## Task to carry out
Present each line of the entries below that holds the word "where".

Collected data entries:

· · · · ·

(* Let $K\subset\mathbb{R}^m$ be a pointed, closed, convex cone with nonempty interior, let $C\subset\mathbb{R}^m$ be a compact set with $0\notin C$ and $K^*=\operatorname{cone}(\operatorname{conv}(C))$, and let $F:\mathbb{R}^n\to\mathbb{R}^m$ be continuously differentiable with Jacobian $JF$. Define $h(x,d)=\sup\{\langle JF(x)d,w\rangle : w\in C\}$ and $v(x)=\arg\min_{d\in\mathbb{R}^n}\{h(x,d)+\tfrac12\|d\|^2\}$. Fix $\mu>2$. Let $\{x^k\}$ and $\{d^k\}$ be generated by the following scheme with arbitrary positive stepsizes $\alpha_k$: $x^0\in\mathbb{R}^n$ arbitrary; at iteration $k$, if $v(x^k)=0$ stop; otherwise set $d^0=v(x^0)$ and, for $k\ge1$, $d^k=v(x^k)+\beta_k d^{k-1}$, where $$\beta_k=\frac{-h(x^k,v(x^k))\big(|h(x^{k-1},v(x^k))|+h(x^{k-1},v(x^k))\big)}{\max\big\{\mu\,|h(x^k,d^{k-1})\,h(x^{k-1},v(x^k))|,\ -\mu\, h(x^{k-1},v(x^{k-1}))\,|h(x^{k-1},v(x^k))|\big\}},$$ and then $x^{k+1}=x^k+\alpha_k d^k$. Then for every $k\ge0$, $$h(x^k,d^k)\le\Big(1-\frac{2}{\mu}\Big)h(x^k,v(x^k)),$$ i.e. $d^k$ satisfies the sufficient descent condition $h(x^k,d^k)\le c\,h(x^k,v(x^k))$ with $c=1-\frac{2}{\mu}$.
   Context: $K^*=\{w\in\mathbb{R}^m:\langle y,w\rangle\ge0\ \forall y\in K\}$ is the positive polar cone of $K$. The map $h$ is well defined since $C$ is compact, and $v(x)$ is the unique minimizer of the strongly convex function $d\mapsto h(x,d)+\frac12\|d\|^2$. A vector $d$ is a $K$-descent direction at $x$ iff $h(x,d)<0$, and $v(x)=0$ iff $x$ is a $K$-Pareto critical point, i.e. $\operatorname{Im}(JF(x))\cap(-\operatorname{int}K)=\emptyset$. *)

theory Defs
  imports "HOL-Analysis.Analysis"
begin

definition pos_polar :: "('a::real_inner) set \<Rightarrow> 'a set" where
  "pos_polar K = {w. \<forall>y\<in>K. inner y w \<ge> 0}"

· · · · ·

## Response below
(* Let $K\subset\mathbb{R}^m$ be a pointed, closed, convex cone with nonempty interior, let $C\subset\mathbb{R}^m$ be a compact set with $0\notin C$ and $K^*=\operatorname{cone}(\operatorname{conv}(C))$, and let $F:\mathbb{R}^n\to\mathbb{R}^m$ be continuously differentiable with Jacobian $JF$. Define $h(x,d)=\sup\{\langle JF(x)d,w\rangle : w\in C\}$ and $v(x)=\arg\min_{d\in\mathbb{R}^n}\{h(x,d)+\tfrac12\|d\|^2\}$. Fix $\mu>2$. Let $\{x^k\}$ and $\{d^k\}$ be generated by the following scheme with arbitrary positive stepsizes $\alpha_k$: $x^0\in\mathbb{R}^n$ arbitrary; at iteration $k$, if $v(x^k)=0$ stop; otherwise set $d^0=v(x^0)$ and, for $k\ge1$, $d^k=v(x^k)+\beta_k d^{k-1}$, where $$\beta_k=\frac{-h(x^k,v(x^k))\big(|h(x^{k-1},v(x^k))|+h(x^{k-1},v(x^k))\big)}{\max\big\{\mu\,|h(x^k,d^{k-1})\,h(x^{k-1},v(x^k))|,\ -\mu\, h(x^{k-1},v(x^{k-1}))\,|h(x^{k-1},v(x^k))|\big\}},$$ and then $x^{k+1}=x^k+\alpha_k d^k$. Then for every $k\ge0$, $$h(x^k,d^k)\le\Big(1-\frac{2}{\mu}\Big)h(x^k,v(x^k)),$$ i.e. $d^k$ satisfies the sufficient descent condition $h(x^k,d^k)\le c\,h(x^k,v(x^k))$ with $c=1-\frac{2}{\mu}$.
definition pos_polar :: "('a::real_inner) set \<Rightarrow> 'a set" where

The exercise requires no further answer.